Virgil got up, rinsed his hands and face in the kitchen sink, and dried himself with a paper towel, and said, "The Washington shooting could be the critical one that breaks this, because it'll bring light from an entirely different direction. Unless he's a nut…"
He went out and dropped on the couch, and she brought her beer along and dropped next to him, and he put his arm around her shoulders and she said, "It's a little scary, all right."
"It's a little scary when you think that somebody broke into Zoe's place."
"Well, I do have a gun, a shotgun, a twenty-gauge that Joe bought me," she said. "It's under my bed. My windows are pretty good-I was thinking I could stack some beer cans behind the doors, and if they fall over…"
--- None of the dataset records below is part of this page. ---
lemma AP_vanishes_in_tube:
  assumes "f \<in> AP \<Omega>" "open B" "convex B" "B \<Subset> \<Omega>" "y \<in> B"
    and "(\<lambda>n. im_part (Z n)) \<longlonglongrightarrow> y" "(\<lambda>n. f (Z n)) \<longlonglongrightarrow> 0"
  shows "\<exists>z\<in>tube B. f z = 0"
proof (rule ccontr)
  assume "\<not> ?thesis"
  then have nz: "\<And>z. z \<in> tube B \<Longrightarrow> f z \<noteq> 0"
    by blast
  obtain r g where "strict_mono r"
    and ul: "uniform_limit (tube B) (\<lambda>n z. f (rtrans z (re_part (Z (r n))))) g sequentially"
    using assms(1,4) unfolding AP_def mem_Collect_eq
    by (blast dest: spec[of _ "\<lambda>n. re_part (Z n)"])
  define F where "F n z = f (rtrans z (re_part (Z (r n))))" for n z
  have ulF: "uniform_limit (tube B) F g sequentially"
    using ul by (simp add: F_def[abs_def])
  have holF: "holomorphic_several (F n) (tube B)" for n
    unfolding F_def using AP_translate_holomorphic[OF assms(1,2,4)] .
  have "continuous_on (tube B) g"
    using holF by (intro uniform_limit_theorem[OF _ ulF]) (auto simp: holomorphic_several_imp_continuous_on)
  define W where "W n = cvec 0 (im_part (Z (r n)))" for n
  from LIMSEQ_subseq_LIMSEQ[OF assms(6) \<open>strict_mono r\<close>]
  have lim_im: "(\<lambda>n. im_part (Z (r n))) \<longlonglongrightarrow> y"
    by (simp add: o_def)
  then have "W \<longlonglongrightarrow> cvec 0 y"
    unfolding W_def cvec_def by (intro tendsto_intros tendsto_vec_nth lim_im)
  moreover have "cvec 0 y \<in> tube B"
    using assms(5) by (simp add: tube_def)
  moreover have "\<forall>\<^sub>F n in sequentially. W n \<in> tube B"
    using topological_tendstoD[OF lim_im assms(2,5)] by (simp add: W_def tube_def)
  ultimately have "(\<lambda>n. F n (W n)) \<longlonglongrightarrow> g (cvec 0 y)"
    by (rule uniform_limit_tendsto_along[OF ulF \<open>continuous_on (tube B) g\<close>])
  moreover have "(\<lambda>n. F n (W n)) \<longlonglongrightarrow> 0"
    using LIMSEQ_subseq_LIMSEQ[OF assms(7) \<open>strict_mono r\<close>]
    by (simp add: F_def W_def rtrans_cvec_0 o_def)
  ultimately have "g (cvec 0 y) = 0"
    using LIMSEQ_unique by blast
  have nzF: "F n z \<noteq> 0" if "z \<in> tube B" for n z
    using nz that by (simp add: F_def)
  have "g u = 0" if "u \<in> tube B" for u
    by (rule Hurwitz_convex_vanishes[OF open_tube[OF assms(2)] convex_tube[OF assms(3)]
          holF nzF ulF \<open>cvec 0 y \<in> tube B\<close> \<open>g (cvec 0 y) = 0\<close> that])
  then have "uniform_limit (tube B) (\<lambda>n z. f (rtrans z (re_part (Z (r n))))) (\<lambda>_. 0) sequentially"
    using ul by (simp cong: uniform_limit_cong')
  from translates_tendsto_zero_imp_zero[OF this sequentially_bot \<open>cvec 0 y \<in> tube B\<close>]
  show False
    using nz[OF \<open>cvec 0 y \<in> tube B\<close>] by contradiction
qed

lemma null_sequence_if_not_bounded_below:
  fixes f :: "'a \<Rightarrow> 'b::real_normed_vector"
  assumes "\<not> (\<exists>\<beta>>0. \<forall>z\<in>S. norm (f z) \<ge> \<beta>)"
  obtains Z where "\<And>n. Z n \<in> S" "(\<lambda>n. f (Z n)) \<longlonglongrightarrow> 0"
proof -
  have "\<forall>n. \<exists>z\<in>S. norm (f z) < inverse (real (Suc n))"
    using assms by (metis not_le of_nat_0_less_iff positive_imp_inverse_positive zero_less_Suc)
  then obtain Z where "\<And>n. Z n \<in> S" "\<And>n. norm (f (Z n)) < inverse (real (Suc n))"
    by metis
  moreover from this(2) have "(\<lambda>n. f (Z n)) \<longlonglongrightarrow> 0"
    by (intro Lim_null_comparison[OF always_eventually LIMSEQ_inverse_real_of_nat] allI less_imp_le)
  ultimately show ?thesis
    using that by blast
qed

lemma AP_bounded_below_on_tube:
  assumes "f \<in> AP \<Omega>" "open D" "D \<subseteq> \<Omega>" "\<And>z. z \<in> tube D \<Longrightarrow> f z \<noteq> 0"
    and "compact K" "K \<subseteq> D"
  shows "\<exists>\<beta>>0. \<forall>z\<in>tube K. norm (f z) \<ge> \<beta>"
proof (rule ccontr)
  assume "\<not> ?thesis"
  then obtain Z where "\<And>n. Z n \<in> tube K" and lim_f: "(\<lambda>n. f (Z n)) \<longlonglongrightarrow> 0"
    by (rule null_sequence_if_not_bounded_below) blast
  then have "\<forall>n. im_part (Z n) \<in> K"
    by (simp add: tube_def)
  then obtain y r where "y \<in> K" "strict_mono r" and lim_im: "((\<lambda>n. im_part (Z n)) \<circ> r) \<longlonglongrightarrow> y"
    by (rule seq_compactE[OF compact_imp_seq_compact[OF assms(5)]])
  obtain \<delta> where "\<delta> > 0" "cball y \<delta> \<subseteq> D"
    using open_contains_cball assms(2,6) \<open>y \<in> K\<close> by blast
  then have "ball y \<delta> \<Subset> \<Omega>" "y \<in> ball y \<delta>"
    using assms(3) by (auto simp: compactly_contained_def)
  moreover have "(\<lambda>n. im_part ((Z \<circ> r) n)) \<longlonglongrightarrow> y" "(\<lambda>n. f ((Z \<circ> r) n)) \<longlonglongrightarrow> 0"
    using lim_im LIMSEQ_subseq_LIMSEQ[OF lim_f \<open>strict_mono r\<close>] by (simp_all add: o_def)
  ultimately obtain z where "z \<in> tube (ball y \<delta>)" "f z = 0"
    using AP_vanishes_in_tube[OF assms(1) open_ball convex_ball] by blast
  moreover have "tube (ball y \<delta>) \<subseteq> tube D"
    using \<open>cball y \<delta> \<subseteq> D\<close> ball_subset_cball[of y \<delta>] by (intro tube_mono) blast
  ultimately show False
    using assms(4) by blast
qed

theorem mainTheorem4:
  fixes \<Omega> D0 D0' :: "(real^'n) set" and f :: "complex^'n \<Rightarrow> complex"
  assumes "open \<Omega>" and "connected \<Omega>" and "\<Omega> \<noteq> {}"
    and "f \<in> AP \<Omega>"
    and "\<exists>z\<in>tube \<Omega>. f z \<noteq> 0"
    and "D0 \<in> components (\<Omega> - amoeba \<Omega> f)"
    and "D0' \<Subset> D0"
  shows "\<exists>\<beta>>0. \<forall>z\<in>tube D0'. norm (f z) \<ge> \<beta>"
proof -
  have "D0 \<subseteq> \<Omega>"
    using in_components_subset[OF assms(6)] by blast
  moreover have "\<And>z. z \<in> tube D0 \<Longrightarrow> f z \<noteq> 0"
    using amoeba_component_nonzero[OF assms(6)] by (simp add: tube_def)
  ultimately have "\<exists>\<beta>>0. \<forall>z\<in>tube (closure D0'). norm (f z) \<ge> \<beta>"
    using assms(7) unfolding compactly_contained_def
    by (intro AP_bounded_below_on_tube[OF assms(4) open_amoeba_component[OF assms(1,6)]]) auto
  then show ?thesis
    using tube_mono[OF closure_subset[of D0']] by blast
qed

end
lemma V0_bandit:
  assumes "\<bar>x\<bar> \<le> 1/2"
  shows "V0 (bandit_kernel x) bandit_reward 0 2 \<pi> = measure_pmf.expectation (\<pi> 1 0) (arm_prob x)"
proof -
  have last_step: "polval (bandit_kernel x) bandit_reward \<pi> (Suc 0) (Suc (Suc 0)) = indicator {1}"
    by (simp add: fun_eq_iff bandit_reward_def polval_0_fun)
  show ?thesis
    unfolding V0_def numeral_2_eq_2
    using bandit_kernel_hit_prob[OF assms] by (simp add: last_step bandit_reward_def del: measure_pmf_single)
qed

lemma V0_bandit_mirror_sum:
  assumes "\<bar>x\<bar> \<le> 1/2"
  shows "V0 (bandit_kernel x) bandit_reward 0 2 \<pi> + V0 (bandit_kernel (-x)) bandit_reward 0 2 \<pi> = 1"
proof -
  have integrable: "integrable (measure_pmf (\<pi> 1 0)) (arm_prob y)" if "\<bar>y\<bar> \<le> 1/2" for y
    using arm_prob_bounds[OF that] by (intro integrable_measure_pmf_bounded[where B = 1]) simp
  have "V0 (bandit_kernel x) bandit_reward 0 2 \<pi> + V0 (bandit_kernel (-x)) bandit_reward 0 2 \<pi> =
      measure_pmf.expectation (\<pi> 1 0) (arm_prob x) + measure_pmf.expectation (\<pi> 1 0) (arm_prob (-x))"
    using assms by (simp add: V0_bandit)
  also have "\<dots> = measure_pmf.expectation (\<pi> 1 0) (\<lambda>a. arm_prob x a + arm_prob (-x) a)"
    using integrable[of x] integrable[of "-x"] assms by (simp add: Bochner_Integration.integral_add)
  also have "(\<lambda>a. arm_prob x a + arm_prob (-x) a) = (\<lambda>_. 1)"
    by (auto simp: fun_eq_iff arm_prob_def)
  finally show ?thesis by simp
qed

lemma V0_star_bandit_ge:
  assumes "\<bar>x\<bar> \<le> 1/2"
  shows "1/2 + \<bar>x\<bar> \<le> V0_star (bandit_kernel x) bandit_reward {0, 1, 2, 3} 0 2"
proof -
  define best_arm :: nat where "best_arm = (if 0 \<le> x then 2 else 3)"
  have "1/2 + \<bar>x\<bar> = V0 (bandit_kernel x) bandit_reward 0 2 (\<lambda>_ _. return_pmf best_arm)"
    using assms by (auto simp: V0_bandit arm_prob_def best_arm_def)
  also have "\<dots> \<le> V0_star (bandit_kernel x) bandit_reward {0, 1, 2, 3} 0 2"
    by (rule V0_le_V0_star) (auto simp: bandit_reward_bounds policies_def best_arm_def)
  finally show ?thesis .
qed

lemma dataset_bandit_explore:
  "dataset (bandit_kernel x) explore_policy s1 H T = dataset (bandit_kernel y) explore_policy s1 H T"
  by (rule dataset_cong_on_policy_support) (auto simp: explore_policy_def bandit_kernel_def arm_prob_def)

lemma bandit_regret_lower_bound:
  assumes "0 \<le> \<epsilon>" and "\<epsilon> \<le> 1/2" and "\<forall>D. rule D \<in> policies {0, 1, 2, 3}"
  shows "\<epsilon> \<le> max
    (measure_pmf.expectation (dataset (bandit_kernel \<epsilon>) explore_policy 0 2 T)
      (\<lambda>D. V0_star (bandit_kernel \<epsilon>) bandit_reward {0, 1, 2, 3} 0 2 -
           V0 (bandit_kernel \<epsilon>) bandit_reward 0 2 (rule D)))
    (measure_pmf.expectation (dataset (bandit_kernel (-\<epsilon>)) explore_policy 0 2 T)
      (\<lambda>D. V0_star (bandit_kernel (-\<epsilon>)) bandit_reward {0, 1, 2, 3} 0 2 -
           V0 (bandit_kernel (-\<epsilon>)) bandit_reward 0 2 (rule D)))"
proof -
  let ?V = "\<lambda>x \<pi>. V0 (bandit_kernel x) bandit_reward 0 2 \<pi>"
  let ?V_star = "\<lambda>x. V0_star (bandit_kernel x) bandit_reward {0, 1, 2, 3} 0 2"
  have eps: "\<bar>\<epsilon>\<bar> \<le> 1/2" "\<bar>-\<epsilon>\<bar> \<le> 1/2"
    using assms by auto
  have value_bounds: "0 \<le> ?V x \<pi> \<and> ?V x \<pi> \<le> 2" for x \<pi>
    using polval_bounds[of bandit_reward "bandit_kernel x" \<pi> 2 1 0] bandit_reward_bounds
    by (simp add: V0_def)
  have regret_bounded: "\<bar>?V_star x - ?V x \<pi>\<bar> \<le> \<bar>?V_star x\<bar> + 2" for x \<pi>
    using value_bounds[of x \<pi>] by (simp add: abs_le_iff abs_if)
  have "1/2 + \<epsilon> \<le> ?V_star \<epsilon>" and "1/2 + \<epsilon> \<le> ?V_star (-\<epsilon>)"
    using V0_star_bandit_ge[OF eps(1)] V0_star_bandit_ge[OF eps(2)] assms(1) by auto
  then have "2 * \<epsilon> \<le> (?V_star \<epsilon> - ?V \<epsilon> (rule D)) + (?V_star (-\<epsilon>) - ?V (-\<epsilon>) (rule D))" for D
    using V0_bandit_mirror_sum[OF eps(1), of "rule D"] by linarith
  then show ?thesis
    unfolding dataset_bandit_explore[of "-\<epsilon>" _ _ _ \<epsilon>]
    by (rule max_expectation_ge_of_sum_ge[OF _ regret_bounded regret_bounded])
qed

definition parity_feature :: "nat \<Rightarrow> nat \<Rightarrow> nat \<Rightarrow> real" where
  "parity_feature s a i = (if i = a mod 2 then 1 else 0)"

definition arm_feature :: "nat \<Rightarrow> nat \<Rightarrow> nat \<Rightarrow> real" where
  "arm_feature s a i =
     (if a = 2 then (if i = 0 then 1 else 0) else if a = 3 then (if i = 1 then 1 else 0) else 1/2)"
(* Suppose there are at least three states ($n\ge3$). If an updating rule respects the Blackwell order for a prior $\mu$ in the relative interior of $\Delta$, then either $\varphi^{\mu}(x)=x$ for all $x\in\Delta$ (Bayes' law), or $\varphi^{\mu}$ is constant on the relative interior of $\Delta$.
   Context: Let $\Theta$ be a finite set of states, $|\Theta|=n$, and $\Delta=\Delta(\Theta)$ the simplex of beliefs on $\Theta$. An experiment is a map $\pi:\Theta\to\Delta(S)$ with $S$ finite; with prior $\mu$ it induces the Bayesian distribution over posteriors $\rho_B$, a finitely supported distribution on $\Delta$ with mean $\mu$ (every such distribution arises from some experiment). Blackwell order: $\pi\succeq\pi'$ iff $\rho_B'$ is a mean-preserving contraction of $\rho_B$. An updating rule is given, for each prior $\mu$, by a distortion function $\varphi^{\mu}:\Delta\to\Delta$: when the Bayesian posterior is $x$, the decision maker holds belief $\varphi^{\mu}(x)$. For a compact action set $A$, continuous $u:A\times\Theta\to\mathbb{R}$, and consistent choice $a^*:\Delta\to A$ (i.e. $a^*(y)\in\arg\max_{a}\mathbb{E}_y u(a,\theta)$ for all $y$), let $W(x)=\mathbb{E}_x u(a^*(\varphi^{\mu}(x)),\theta)$. The rule respects the Blackwell order for $\mu$ if for all such $A,u,a^*$ and all experiments $\pi\succeq\pi'$ with Bayesian distributions $\rho_B,\rho_B'$, $\mathbb{E}_{\rho_B}W\ge\mathbb{E}_{\rho_B'}W$. *)

theory Defs
  imports "HOL-Analysis.Analysis"
begin

definition belief_simplex :: "('a::finite \<Rightarrow> real) set" where
  "belief_simplex = {x. (\<forall>t. 0 \<le> x t) \<and> sum x UNIV = 1}"

definition rel_int_simplex :: "('a::finite \<Rightarrow> real) set" where
  "rel_int_simplex = {x. (\<forall>t. 0 < x t) \<and> sum x UNIV = 1}"

text \<open>Experiments with a finite set of signals (signals encoded as naturals):
  pi t s is the probability of signal s in state t.\<close>
definition sig_support :: "('a \<Rightarrow> nat \<Rightarrow> real) \<Rightarrow> nat set" where
  "sig_support \<pi> = {s. \<exists>t. \<pi> t s \<noteq> 0}"

definition is_experiment :: "('a::finite \<Rightarrow> nat \<Rightarrow> real) \<Rightarrow> bool" where
  "is_experiment \<pi> \<longleftrightarrow> (\<forall>t s. 0 \<le> \<pi> t s) \<and> finite (sig_support \<pi>)
      \<and> (\<forall>t. sum (\<pi> t) (sig_support \<pi>) = 1)"

definition sprob :: "('a::finite \<Rightarrow> real) \<Rightarrow> ('a \<Rightarrow> nat \<Rightarrow> real) \<Rightarrow> nat \<Rightarrow> real" where
  "sprob \<mu> \<pi> s = (\<Sum>t\<in>UNIV. \<mu> t * \<pi> t s)"

definition posterior :: "('a::finite \<Rightarrow> real) \<Rightarrow> ('a \<Rightarrow> nat \<Rightarrow> real) \<Rightarrow> nat \<Rightarrow> ('a \<Rightarrow> real)" where
  "posterior \<mu> \<pi> s = (\<lambda>t. \<mu> t * \<pi> t s / sprob \<mu> \<pi> s)"

text \<open>Bayesian distribution over posteriors, as a finitely supported weight
  function on beliefs.\<close>
definition bayes_dist :: "('a::finite \<Rightarrow> real) \<Rightarrow> ('a \<Rightarrow> nat \<Rightarrow> real) \<Rightarrow> ('a \<Rightarrow> real) \<Rightarrow> real" where
  "bayes_dist \<mu> \<pi> x =
     sum (sprob \<mu> \<pi>) {s \<in> sig_support \<pi>. sprob \<mu> \<pi> s \<noteq> 0 \<and> posterior \<mu> \<pi> s = x}"

definition fsupp :: "('b \<Rightarrow> real) \<Rightarrow> 'b set" where
  "fsupp \<rho> = {x. \<rho> x \<noteq> 0}"

definition fexp :: "('b \<Rightarrow> real) \<Rightarrow> ('b \<Rightarrow> real) \<Rightarrow> real" where
  "fexp \<rho> f = (\<Sum>x\<in>fsupp \<rho>. \<rho> x * f x)"

text \<open>rho' is a mean-preserving contraction of rho: there is a joint distribution K
  (K y x = mass on (y,x)) with marginals rho' and rho such that, conditional on y,
  the mean of x equals y.\<close>
definition mpc :: "(('a::finite \<Rightarrow> real) \<Rightarrow> real) \<Rightarrow> (('a \<Rightarrow> real) \<Rightarrow> real) \<Rightarrow> bool" where
  "mpc \<rho>' \<rho> \<longleftrightarrow> (\<exists>K :: ('a \<Rightarrow> real) \<Rightarrow> ('a \<Rightarrow> real) \<Rightarrow> real.
      (\<forall>y x. 0 \<le> K y x)
    \<and> (\<forall>x. (\<Sum>y\<in>fsupp \<rho>'. K y x) = \<rho> x)
    \<and> (\<forall>y\<in>fsupp \<rho>'. (\<Sum>x\<in>fsupp \<rho>. K y x) = \<rho>' y)
    \<and> (\<forall>y\<in>fsupp \<rho>'. \<forall>t. (\<Sum>x\<in>fsupp \<rho>. K y x * x t) = \<rho>' y * y t))"

definition blackwell_geq :: "('a::finite \<Rightarrow> real) \<Rightarrow> ('a \<Rightarrow> nat \<Rightarrow> real) \<Rightarrow> ('a \<Rightarrow> nat \<Rightarrow> real) \<Rightarrow> bool" where
  "blackwell_geq \<mu> \<pi> \<pi>' \<longleftrightarrow> mpc (bayes_dist \<mu> \<pi>') (bayes_dist \<mu> \<pi>)"

definition consistent_choice ::
  "'b set \<Rightarrow> ('b \<Rightarrow> 'a::finite \<Rightarrow> real) \<Rightarrow> (('a \<Rightarrow> real) \<Rightarrow> 'b) \<Rightarrow> bool" where
  "consistent_choice A u a \<longleftrightarrow> (\<forall>y\<in>belief_simplex. a y \<in> A \<and>
      (\<forall>b\<in>A. (\<Sum>t\<in>UNIV. y t * u b t) \<le> (\<Sum>t\<in>UNIV. y t * u (a y) t)))"

text \<open>The rule phi (phi mu is the distortion function for prior mu) respects the
  Blackwell order for mu.  Actions range over compact subsets of the space
  'a => real (product topology).\<close>
definition respects_blackwell ::
  "(('a::finite \<Rightarrow> real) \<Rightarrow> ('a \<Rightarrow> real) \<Rightarrow> ('a \<Rightarrow> real)) \<Rightarrow> ('a \<Rightarrow> real) \<Rightarrow> bool" where
  "respects_blackwell \<phi> \<mu> \<longleftrightarrow>
    (\<forall>(A :: ('a \<Rightarrow> real) set) (u :: ('a \<Rightarrow> real) \<Rightarrow> 'a \<Rightarrow> real) a.
       compact A \<and> (\<forall>t. continuous_on A (\<lambda>b. u b t)) \<and> consistent_choice A u a \<longrightarrow>
       (\<forall>\<pi> \<pi>'. is_experiment \<pi> \<and> is_experiment \<pi>' \<and> blackwell_geq \<mu> \<pi> \<pi>' \<longrightarrow>
          fexp (bayes_dist \<mu> \<pi>) (\<lambda>x. \<Sum>t\<in>UNIV. x t * u (a (\<phi> \<mu> x)) t)
          \<ge> fexp (bayes_dist \<mu> \<pi>') (\<lambda>x. \<Sum>t\<in>UNIV. x t * u (a (\<phi> \<mu> x)) t)))"

end

theory Submission
  imports Defs
begin
lemma extend_by_layer:
  assumes Z: "stacked S Z" and "j \<notin> S" and pq: "{p @ [j0], q @ [j0]} \<in> cycle_edges Z"
    and pq': "{p', q'} \<in> cycle_edges C" and "R (p @ [j0]) (p' @ [j])" "R (q @ [j0]) (q' @ [j])"
    and used: "{p, q} \<in> used_edges" "{p', q'} \<in> used_edges"
  obtains Z' where "stacked (insert j S) Z'" "cycle_edges Z - {{p @ [j0], q @ [j0]}} \<subseteq> cycle_edges Z'"
    "lift j ` (cycle_edges C - {{p', q'}}) \<subseteq> cycle_edges Z'"
proof -
  have cycle_Z: "is_cycle R Z" using Z by (simp add: stacked_def)
  have disj: "set Z \<inter> set (layer_copy j) = {}"
    using Z \<open>j \<notin> S\<close> by (auto simp: stacked_def set_layer_copy layers_def)
  have pq'_copy: "{p' @ [j], q' @ [j]} \<in> cycle_edges (layer_copy j)"
    using imageI[OF pq', of "lift j"] by (simp add: cycle_edges_layer_copy)
  obtain Z' where Z': "is_cycle R Z'" "set Z' = set Z \<union> set (layer_copy j)"
    and old: "cycle_edges Z - {{p @ [j0], q @ [j0]}} \<subseteq> cycle_edges Z'"
    and new: "cycle_edges (layer_copy j) - {{p' @ [j], q' @ [j]}} \<subseteq> cycle_edges Z'"
    using cycle_merge[OF cycle_Z is_cycle_layer_copy symp_ab_adj disj pq pq'_copy assms(5,6)] .
  have new': "lift j ` (cycle_edges C - {{p', q'}}) \<subseteq> cycle_edges Z'"
    using new by (simp add: cycle_edges_layer_copy image_set_diff[OF inj_image_snoc])
  have "spare_edges \<subseteq> cycle_edges C - {{p', q'}}"
    using spare_edges_subset spare_used_disjoint used by blast
  then have "lift j ` spare_edges \<subseteq> cycle_edges Z'" using new' by blast
  moreover have "lift k ` spare_edges \<subseteq> cycle_edges Z'" if "k \<in> S" for k
    using spare_edges_preserved[OF _ old used(1)] that Z by (simp add: stacked_def)
  moreover have "set Z' = layers (insert j S)"
    using Z Z' by (auto simp: stacked_def set_layer_copy layers_def)
  ultimately have "stacked (insert j S) Z'" using Z'(1) unfolding stacked_def by blast
  then show ?thesis using old new' by (rule that)
qed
"Lock yourself in the bedroom with your cell phone and scream for help," Virgil said.
"Mmm," she said.
Virgil stroked her hair and she leaned closer, and he kissed her; and events moved along, as they do, and at some point down the line, he popped the catch on her brassiere and slipped his hands around her breasts. They were, in the whole world of breasts, on the smaller side, but that was fine with Virgil. He'd seen more than one of his mother's friends go from 38C to 38-Long, and that was not a problem with the slender ones…
"Mmmm."
They were both breathing hard, and he was in the precise process of squeezing her left nipple between his thumb and forefinger, like picking a blueberry, and she had a hand on his belt buckle, when his cell phone went off.
She jumped and said, "Virgil… For God's sakes, you left your phone on?"
The curse of being a cop, and not the first time this had happened to him. He groaned and thought about letting it go, but curiosity got the better of him and he slipped it out. The sheriff. He groaned again.
"Who is it?"
"The sheriff," he said.
"Well… answer it. Better than wondering what he wants," Sig said.
Virgil clicked up the phone and Sanders asked, "Where are you?"
"Just got some gas, I'm gonna turn in," Virgil lied.
"Head over to the hospital," Sanders said. "One of my guys called two minutes ago and said Jan Washington woke up, and she's talking. You need to talk to her-just in case."
"In case…"
"She dies," Sanders said.
"Of course," Virgil said.
He hung up and looked at Signy for a minute, and said, "I can't help it."
He told her what happened and she stood up and said, "Then you really do have to go. Come on. Get up."
They went to the door, and she was tangled up in her shirt and brassiere, and Virgil stopped to kiss her good-bye and she said, "I'm a mess," and she stopped fighting the tangle of clothing and simply took it off, and Virgil asked, "Aw, man, did you have to do that?" and he crowded her into the corner between the door and the wall, and they were in there for a minute or so and then she pushed away, laughing, and said, "Take a good look, buster, and get out of here."
He got out.
Preceded by what he believed to be the most substantial erection he'd had since junior high.